THE Socceroos have earned another point on the road to the World Cup, after winging it in the rain of Tehran tonight.
A 1-1 draw with Iraq came after Ange Postecoglou had shocked the Australian fans with a radical new formation, and in truth Australia were lucky to escape with a draw.
Mathew Leckie had opened the scoring just before halftime, and Postecoglou's side had chances in the second half to clinch the win. But after Ahmed Yasin's equaliser, Australia withstood a barrage of attacks for the last 10 minutes amid torrid conditions.
Tomi Juric goes up for a header during the Socceroos v Iraq World Cup Qualifier. Picture: Mark Evans
At times the goal of Mitch Langerak, preferred to Mathew Ryan as custodian, led a charmed life, in a game dominated by the sodden pitch. If a fourth draw in a row leaves the Socceroos deflated, in the context of the match they were glad to hear the final whistle.
In fact this correspondent had jokingly suggested that the open formations and filthy conditions might lead to a 5-4 result, and that could almost have been the score by halftime as each attack traded blows, helped by desperate defending on a sodden pitch.
Australia was the side more on the back foot, and had several frighteningly narrow escapes even before half an hour had been played. Ali Adnan cut into the visiting box early on but blazed over, then Mitch Langerak had to be nimble to turn aside a close-range flick.

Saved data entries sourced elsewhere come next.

lemma bwd_add_one_eq:
  "bwd n (i + 1) = 1 / (real (n i) + bwd n i)"
  using cf_eq[of "\<lambda>j. n (i - int j)"] pos by (simp add: bwd_def algebra_simps)

lemma fwd_bounds:
  "0 < fwd n i" "fwd n i \<le> 1"
proof -
  show "fwd n i \<le> 1" unfolding fwd_def by (rule cf_bounds(2)) (simp add: pos)
  have "fwd n (i + 1) \<ge> 0" unfolding fwd_def by (rule cf_bounds(1)) (simp add: pos)
  then show "0 < fwd n i" using fwd_eq[of i] pos[of i] by simp
qed

lemma bwd_bounds:
  "0 < bwd n i" "bwd n i \<le> 1"
proof -
  show "bwd n i \<le> 1" unfolding bwd_def by (rule cf_bounds(2)) (simp add: pos)
  have "bwd n (i - 1) \<ge> 0" unfolding bwd_def by (rule cf_bounds(1)) (simp add: pos)
  then show "0 < bwd n i" using bwd_add_one_eq[of "i - 1"] pos[of "i - 1"] by simp
qed

lemma fwd_mult_fwd_le_half:
  "fwd n i * fwd n (i + 1) \<le> 1/2"
proof -
  define x x' where "x = fwd n i" and "x' = fwd n (i + 1)"
  have "0 < x" "0 < x'" "x' \<le> 1" using fwd_bounds by (auto simp: x_def x'_def)
  moreover have "x * (real (n i) + x') = 1"
    using fwd_eq[of i] fwd_bounds(1)[of "i + 1"] pos[of i]
    by (simp add: x_def x'_def)
  moreover have "x \<le> x * real (n i)" using pos[of i] \<open>0 < x\<close> by simp
  ultimately have "x * x' \<le> 1 - x" "x * x' \<le> x"
    by (simp_all only: distrib_left mult_left_le)
  then show ?thesis by (simp add: x_def x'_def)
qed

lemma Amat_mult_vector:
  "Amat n i *v vector [a, b] =
     (if even i then vector [a, real (n i) * a + b] else vector [a + real (n i) * b, b])"
  by (auto simp: vec_eq_iff forall_2 matrix_vector_mult_def sum_2 Amat_def)

lemma Amat_svec:
  "Amat n i *v svec n i = fwd n i *\<^sub>R svec n (i + 1)"
proof -
  have "fwd n i * (real (n i) + fwd n (i + 1)) = 1"
    using fwd_eq[of i] fwd_bounds(1)[of "i + 1"] pos[of i] by simp
  then show ?thesis
    by (auto simp: svec_def Amat_mult_vector vec_eq_iff forall_2 algebra_simps)
qed

text \<open>With x' = 1/x - N and y' = 1/(N + y), the normalising denominators
  D = 1 + x y and D' = 1 + x' y' of u_i and u_{i+1} satisfy x D' = y' D.\<close>

lemma Amat_uvec:
  "Amat n i *v uvec n i = (1 / fwd n i) *\<^sub>R uvec n (i + 1)"
proof -
  define N x x' y y' where "N = real (n i)" and "x = fwd n i" and "x' = fwd n (i + 1)"
    and "y = bwd n i" and "y' = bwd n (i + 1)"
  have x: "0 < x" "0 < x'" using fwd_bounds(1) by (auto simp: x_def x'_def)
  have y: "0 < y" "0 < y'" using bwd_bounds(1) by (auto simp: y_def y'_def)
  have N: "N \<ge> 1" using pos[of i] by (simp add: N_def)
  have hx: "x * (N + x') = 1"
    using fwd_eq[of i] x N by (simp add: x_def x'_def N_def)
  have hy: "y' * (N + y) = 1"
    using bwd_add_one_eq[of i] y N by (simp add: y_def y'_def N_def)
  have D: "x * (1 + x' * y') = y' * (1 + x * y)"
    using hx hy by algebra
  have "1 / x * (y' / (1 + x' * y')) = y' / (y' * (1 + x * y))"
    and "1 / x * (1 / (1 + x' * y')) = 1 / (y' * (1 + x * y))"
    by (simp_all flip: D)
  moreover have "N + y = 1 / y'" using hy y by (simp add: field_simps)
  ultimately have "1 / x * (y' / (1 + x' * y')) = 1 / (1 + x * y)"
    and "1 / x * (1 / (1 + x' * y')) = (N + y) / (1 + x * y)"
    using y by simp_all
  then show ?thesis
    by (auto simp: uvec_def Amat_mult_vector vec_eq_iff forall_2 add_divide_distrib ac_simps
        N_def x_def x'_def y_def y'_def)
qed

lemma det_svec_uvec:
  "svec n i $ 1 * uvec n i $ 2 - svec n i $ 2 * uvec n i $ 1 = 1"
proof -
  have "1 + fwd n i * bwd n i > 0"
    using fwd_bounds(1) bwd_bounds(1) by (simp add: add_pos_pos)
  then show ?thesis by (simp add: svec_def uvec_def field_simps)
qed

lemma Apow_svec:
  "Apow n i k *v svec n i = (\<Prod>j<k. fwd n (i + int j)) *\<^sub>R svec n (i + int k)"
proof (induction k)
  case 0
  then show ?case by simp
next
  case (Suc k)
  have "Apow n i (Suc k) *v svec n i = Amat n (i + int k) *v (Apow n i k *v svec n i)"
    by (simp add: matrix_vector_mul_assoc)
  also have "\<dots> = (\<Prod>j<Suc k. fwd n (i + int j)) *\<^sub>R svec n (i + int (Suc k))"
    by (simp add: Suc.IH matrix_vector_mult_scaleR Amat_svec ac_simps)
  finally show ?case .
qed

lemma Apow_uvec:
  "Apow n i k *v uvec n i = (1 / (\<Prod>j<k. fwd n (i + int j))) *\<^sub>R uvec n (i + int k)"
proof (induction k)
  case 0
  then show ?case by simp
next
  case (Suc k)
  have "Apow n i (Suc k) *v uvec n i = Amat n (i + int k) *v (Apow n i k *v uvec n i)"
    by (simp add: matrix_vector_mul_assoc)
  also have "\<dots> = (1 / (\<Prod>j<Suc k. fwd n (i + int j))) *\<^sub>R uvec n (i + int (Suc k))"
    by (simp add: Suc.IH matrix_vector_mult_scaleR Amat_uvec ac_simps)
  finally show ?case .
qed

lemma prod_fwd_le:
  "(\<Prod>j<k. fwd n (i + int j)) \<le> 2 * sqrt (2/3) ^ k"
proof (rule prod_le_of_consecutive_mult_le)
  show "fwd n (i + int j) * fwd n (i + int (Suc j)) \<le> sqrt (2/3) ^ 2" for j
    using fwd_mult_fwd_le_half[of "i + int j"] by (simp add: add_ac)
  have "1/2 \<le> sqrt (2/3::real)" by (rule real_le_rsqrt) (simp add: power2_eq_square)
  then show "1 \<le> 2 * sqrt (2/3::real)" by linarith
qed (use fwd_bounds less_imp_le in auto)

lemma norm_svec_bounds:
  "1 \<le> norm (svec n i)" "norm (svec n i) \<le> 2"
proof -
  have "0 < fwd n i" "fwd n i \<le> 1" using fwd_bounds by auto
  then have "\<bar>svec n i $ 1\<bar> \<le> 1" "\<bar>svec n i $ 2\<bar> \<le> 1" by (auto simp: svec_def)
  then show "norm (svec n i) \<le> 2" using norm_le_l1_cart[of "svec n i"] by (simp add: sum_2)
  have "\<bar>svec n i $ 1\<bar> = 1 \<or> \<bar>svec n i $ 2\<bar> = 1" by (auto simp: svec_def)
  then show "1 \<le> norm (svec n i)"
    using component_le_norm_cart[of "svec n i" 1] component_le_norm_cart[of "svec n i" 2] by auto
qed

lemma norm_uvec_bounds:
  "1/2 \<le> norm (uvec n i)" "norm (uvec n i) \<le> 2"
proof -
  define D where "D = 1 + fwd n i * bwd n i"
  define p q where "p = 1 / D" and "q = bwd n i / D"
  have "0 < bwd n i" "bwd n i \<le> 1" using bwd_bounds by auto
  moreover have "1 \<le> D" "D \<le> 2"
    using fwd_bounds[of i] bwd_bounds[of i]
      mult_mono[of "fwd n i" 1 "bwd n i" 1] by (auto simp: D_def)
  ultimately have "1/2 \<le> p" "p \<le> 1" "0 \<le> q" "q \<le> 1"
    by (auto simp: p_def q_def divide_simps)
  moreover have "uvec n i $ 1 = p \<and> uvec n i $ 2 = q \<or> uvec n i $ 1 = q \<and> uvec n i $ 2 = p"
    by (simp add: uvec_def D_def p_def q_def)
  ultimately have "\<bar>uvec n i $ 1\<bar> \<le> 1" "\<bar>uvec n i $ 2\<bar> \<le> 1"
    and "1/2 \<le> \<bar>uvec n i $ 1\<bar> \<or> 1/2 \<le> \<bar>uvec n i $ 2\<bar>"
    by (elim disjE conjE; simp)+
  then show "norm (uvec n i) \<le> 2" "1/2 \<le> norm (uvec n i)"
    using norm_le_l1_cart[of "uvec n i"] component_le_norm_cart[of "uvec n i" 1]
      component_le_norm_cart[of "uvec n i" 2] by (auto simp: sum_2)
qed

lemma norm_svec_le_cconst:
  "norm (svec n i) \<le> cconst n * norm (svec n j)"
proof -
  have "norm (svec n i) / norm (svec n j) \<le> cconst n"
    using ratio_le_Sup_ratios[where f = "\<lambda>i. norm (svec n i)", OF norm_svec_bounds]
    unfolding cconst_def by (auto intro: max.coboundedI1)
  moreover have "0 < norm (svec n j)" using norm_svec_bounds(1)[of j] by linarith
  ultimately show ?thesis by (simp add: pos_divide_le_eq)
qed

lemma norm_uvec_le_cconst:
  "norm (uvec n i) \<le> cconst n * norm (uvec n j)"
proof -
  have "norm (uvec n i) / norm (uvec n j) \<le> cconst n"
    using ratio_le_Sup_ratios[where f = "\<lambda>i. norm (uvec n i)", OF norm_uvec_bounds]
    unfolding cconst_def by (auto intro: max.coboundedI2)
  moreover have "0 < norm (uvec n j)" using norm_uvec_bounds(1)[of j] by linarith
  ultimately show ?thesis by (simp add: pos_divide_le_eq)
qed

lemma cconst_ge_one:
  "1 \<le> cconst n"
proof -
  have "0 < norm (svec n 0)" using norm_svec_bounds(1)[of 0] by linarith
  then show ?thesis using norm_svec_le_cconst[of 0 0] by (simp add: mult_le_cancel_right1)
qed

lemma norm_Apow_svec_le:
  "norm (Apow n i k *v svec n i) \<le> 2 * cconst n * sqrt (2/3) ^ k * norm (svec n i)"
proof -
  have "norm (Apow n i k *v svec n i) = (\<Prod>j<k. fwd n (i + int j)) * norm (svec n (i + int k))"
    using fwd_bounds(1) by (simp add: Apow_svec prod_nonneg less_imp_le)
  also have "\<dots> \<le> (2 * sqrt (2/3) ^ k) * (cconst n * norm (svec n i))"
    by (intro mult_mono prod_fwd_le norm_svec_le_cconst) (simp_all add: pos)
  finally show ?thesis by (simp add: ac_simps)
qed

lemma norm_Apow_uvec_ge:
  "inverse (2 * cconst n) * (1 / sqrt (2/3)) ^ k * norm (uvec n i)
    \<le> norm (Apow n i k *v uvec n i)"
proof -
  define P where "P = (\<Prod>j<k. fwd n (i + int j))"
  have "0 < P" using fwd_bounds(1) by (simp add: P_def prod_pos)
  have c: "1 \<le> cconst n" by (rule cconst_ge_one)
  have "inverse (2 * cconst n) * (1 / sqrt (2/3)) ^ k * norm (uvec n i)
      = (1 / (2 * sqrt (2/3) ^ k)) * (norm (uvec n i) / cconst n)"
    using c by (simp add: power_one_over field_simps)
  also have "\<dots> \<le> (1 / P) * norm (uvec n (i + int k))"
  proof (rule mult_mono)
    show "1 / (2 * sqrt (2/3) ^ k) \<le> 1 / P"
      using \<open>0 < P\<close> prod_fwd_le by (intro frac_le) (auto simp: P_def)
    show "norm (uvec n i) / cconst n \<le> norm (uvec n (i + int k))"
      using norm_uvec_le_cconst[of i "i + int k"] c by (simp add: divide_le_eq ac_simps)
  qed (use \<open>0 < P\<close> c in auto)
  also have "\<dots> = norm (Apow n i k *v uvec n i)"
    using \<open>0 < P\<close> by (simp add: Apow_uvec P_def)
  finally show ?thesis .
qed

end

theorem proposition3p5:
  fixes n :: "int \<Rightarrow> nat"
  assumes pos: "\<And>i. n i > 0"
  defines "lam \<equiv> sqrt (2/3)"
  shows "(\<forall>i. (\<exists>t. Amat n i *v svec n i = t *\<^sub>R svec n (i + 1))
            \<and> (\<exists>t. Amat n i *v uvec n i = t *\<^sub>R uvec n (i + 1))
            \<and> independent {svec n i, uvec n i} \<and> svec n i \<noteq> uvec n i)
       \<and> (\<forall>i. \<forall>k::nat. k \<ge> 1 \<longrightarrow>
            norm (Apow n i k *v svec n i) \<le> 2 * cconst n * lam ^ k * norm (svec n i)
          \<and> norm (Apow n i k *v uvec n i) \<ge> inverse (2 * cconst n) * (1 / lam) ^ k * norm (uvec n i))"
  using Amat_svec[of n, OF pos] Amat_uvec[of n, OF pos]
    independent_of_det_eq_one[OF det_svec_uvec[of n, OF pos]]
    norm_Apow_svec_le[of n, OF pos] norm_Apow_uvec_ge[of n, OF pos]
  unfolding lam_def by blast

end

Mark Milligan, frantically trying to bring order to the Australian defence as Iraq launched a fusillade of long balls, denied Amjed Kalaf just as the striker seemed certain to score; then Kalaf missed the chance of the game, left all alone at the far post with time to control a skiddy cross, but lofting his shot over.
Australian heartbeats were dangerously high, and it was Aaron Mooy who helped to bring them back down by orchestrating a period of Socceroo possession. Jackson Irvine's shot was tipped over, then Mohammed Hameed in the Iraqi goal did well to gather Mooy's shot.
On 38 minutes Mooy slipped in Irvine for a low cross that just evaded Tomi Juric, but after the resultant corner was cleared for another such setpiece, Australia struck. It was simplicity itself, as Leckie stole in amid the taller players around him to glance home Mooy's corner.
A minute later it should have been two. Leckie fed Juric on the wing, and the striker produced an incisive snaking ball to bypass the home defence and leave Robbie Kruse free. Sadly the winger, off the pace from the start, took too many touches and was denied by Hameed.
Leckie shot over after a finely crafted move which allowed Australia to finish the first half on a high.
Life could have been better still for Postecoglou's side on 53 minutes, as a fine interchange between Kruse and Mooy opened up space for the latter to fire in a low cross - Mooy reached it but could only deflect it wide of the gaping goal.
Still the misses mounted up - this time it was Mohanad Abdulraheem who met a low cross with a twisting low header wide. Iraq's bombardment was incessant, and Langerak produced a brilliant one-handed save from Ahmed Ibrahim's header.
Kruse came off, replaced by Brad Smith, then Tim Cahill replaced Juric as Postecoglou sought fresh energy on such a sapping pitch. But with 75 minutes gone, Iraq were level, deserved reward for their pressure. Again it was a simple move, a steepling pass finding Ali Adnan on the left wing. Unmarked in Postecoglou's new system, he steamed down the left and crossed low to the far post, where Ahmed Yasin slid in with a sliding finish to equalise.
The last few minutes became frantic. Milligan was booked for a clumsy foul, but the freekick was wasted. Troisi replaced Irvine as the exhaustion levels grew, and after a series of scrambles in the Socceroos' box the point was earned.